Places in Umzingwane
 Bezha, a village, birthplace of Professor Thomas Dube, academic and lawyer who served as senior legal and political affairs advisor for 19 years at     United Nations Security Council.   
 Bushtick, a village
 Bushtick Mine
 Esibomvu, a village
 Esigodini, administrative centre
 Esiphezini, birthplace of Canaan Banana, first president of Zimbabwe
 Inyankuni reservoir
 Kumbuzi, a village
 Lake Cunningham Recreational Park, 41.72 km2
 Matendele, a village
 Mawabeni, a village
 Mzingwane Dam reservoir
 Mzingwane River (Umzingwane River)
 Nswazi, a village
 Selous House Homestake, historical site
 Sihlengeni, a village
 Umzingwane Recreational Park, 12 km2
 Upper and Lower Ncema reservoirs

Administration and politics
Umzingwane District has government headquarters located in the village of Umzingwane, and by the Umzingwane Rural District Council, which has its offices in Esigodini.

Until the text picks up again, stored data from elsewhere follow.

lemma min_resolution_squarefree_0:
  fixes scale :: "'k::field \<Rightarrow> 'm::ab_group_add \<Rightarrow> 'm"
    and c :: "nat \<Rightarrow> nat \<Rightarrow> nat \<Rightarrow> 'k"
  assumes GM: "graded_module scale C act"
    and SQ: "gen_in_squarefree scale C act"
    and R: "min_free_resolution scale C act r D c g"
  shows "\<forall>a \<in> set (D 0). squarefree_deg a"
proof (rule ccontr)
  assume "\<not> ?thesis"
  then obtain p where p: "p < length (D 0)" and ns: "\<not> squarefree_deg (D 0 ! p)"
    by (auto simp: in_set_conv_nth)
  define d where "d = D 0 ! p"
  obtain d' where d': "d' < d" "\<And>a. squarefree_deg a \<Longrightarrow> a \<le> d \<Longrightarrow> a \<le> d'"
    using not_squarefree_degE ns unfolding d_def by blast
  obtain G where G: "generated_by scale C act G" and G_sq: "\<forall>(a, v) \<in> G. squarefree_deg a"
    using SQ by (auto simp: gen_in_squarefree_def)
  have g: "\<And>q. q < length (D 0) \<Longrightarrow> g q \<in> C (D 0 ! q)"
    and onto: "\<And>b. aug scale act (D 0) g b ` free_comp (D 0) b = C b"
    and ker: "{v \<in> free_comp (D 0) d. aug scale act (D 0) g d v = 0}
              = dmap D c (Suc 0) ` free_comp (D (Suc 0)) d"
    using R by (simp_all add: min_free_resolution_def)
  have "C d \<subseteq> act (\<lambda>j. d j - d' j) d' ` C d'"
    using G_sq d' by (intro generated_by_component_subset_act_image[OF GM G]) auto
  then obtain y where y: "y \<in> C d'" "g p = act (\<lambda>j. d j - d' j) d' y"
    using g[OF p] unfolding d_def by blast
  then obtain w where w: "w \<in> free_comp (D 0) d'" "y = aug scale act (D 0) g d' w"
    using onto by blast
  have "aug scale act (D 0) g d w = aug scale act (D 0) g d (free_basis p)"
    using aug_act[OF GM g _ w(1), of d] d'(1) y(2) w(2)
      aug_free_basis[where g = g, OF GM p g[OF p]]
    unfolding d_def by simp
  then show False
    using min_resolution_basis_not_equiv_lower[where \<phi> = "aug scale act (D 0) g (D 0 ! p)",
        OF R p ker[unfolded d_def] aug_diff[OF graded_module_imp_module[OF GM]] w(1)
        d'(1)[unfolded d_def]]
    unfolding d_def by simp
qed

lemma min_resolution_squarefree_from_1:
  assumes R: "min_free_resolution scale C act r D c g"
    and sq1: "\<forall>a \<in> set (D 1). squarefree_deg a"
    and "1 \<le> i"
  shows "\<forall>a \<in> set (D i). squarefree_deg a"
  using \<open>1 \<le> i\<close>
proof (induction i rule: dec_induct)
  case (step i)
  then show ?case using min_resolution_squarefree_Suc[OF R] by blast
qed (rule sq1)

theorem proposition3p6:
  fixes scale :: "'k::field \<Rightarrow> 'm::ab_group_add \<Rightarrow> 'm"
    and C :: "('n::finite \<Rightarrow> nat) \<Rightarrow> 'm set"
    and act :: "('n \<Rightarrow> nat) \<Rightarrow> ('n \<Rightarrow> nat) \<Rightarrow> 'm \<Rightarrow> 'm"
    and r :: nat
    and D :: "nat \<Rightarrow> ('n \<Rightarrow> nat) list"
    and c :: "nat \<Rightarrow> nat \<Rightarrow> nat \<Rightarrow> 'k"
    and g :: "nat \<Rightarrow> 'm"
  assumes "graded_module scale C act"
    and "finitely_generated scale C act"
    and "gen_in_squarefree scale C act"
    and "min_free_resolution scale C act r D c g"
  shows "gen_in_squarefree (free_scale :: 'k \<Rightarrow> _) (free_comp (D 1)) free_act \<longleftrightarrow>
         (\<forall>i \<le> r. gen_in_squarefree (free_scale :: 'k \<Rightarrow> _) (free_comp (D i)) free_act)"
proof
  assume "gen_in_squarefree (free_scale :: 'k \<Rightarrow> _) (free_comp (D 1)) free_act"
  then have sq1: "\<forall>a \<in> set (D 1). squarefree_deg a"
    by (simp add: gen_in_squarefree_free_iff)
  have "\<forall>a \<in> set (D i). squarefree_deg a" for i
  proof (cases "i = 0")
    case True
    then show ?thesis using min_resolution_squarefree_0[OF assms(1,3,4)] by simp
  next
    case False
    then show ?thesis using min_resolution_squarefree_from_1[OF assms(4) sq1, of i] by simp
  qed
  then show "\<forall>i \<le> r. gen_in_squarefree (free_scale :: 'k \<Rightarrow> _) (free_comp (D i)) free_act"
    by (simp add: gen_in_squarefree_free_iff)
next
  assume all: "\<forall>i \<le> r. gen_in_squarefree (free_scale :: 'k \<Rightarrow> _) (free_comp (D i)) free_act"
  show "gen_in_squarefree (free_scale :: 'k \<Rightarrow> _) (free_comp (D 1)) free_act"
  proof (cases "1 \<le> r")
    case False
    with assms(4) have "D 1 = []" by (simp add: min_free_resolution_def)
    then show ?thesis by (simp add: gen_in_squarefree_free_iff)
  qed (use all in blast)
qed

end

Traditionally the district is divided into four parts, each ruled by a local chieftain.
 Esiphezini Communal Land tribal area
 uMzinyathini Communal Land
 Nswazi Communal Land
 Matopo Communal Land

Economy
In 2012, Umzingwane District had 48 percent of the economically active population employed in agriculture (primarily livestock raising), 17 percent employed in services occupations, 17 percent employed in mining and construction and 2 percent employed in educational institutions.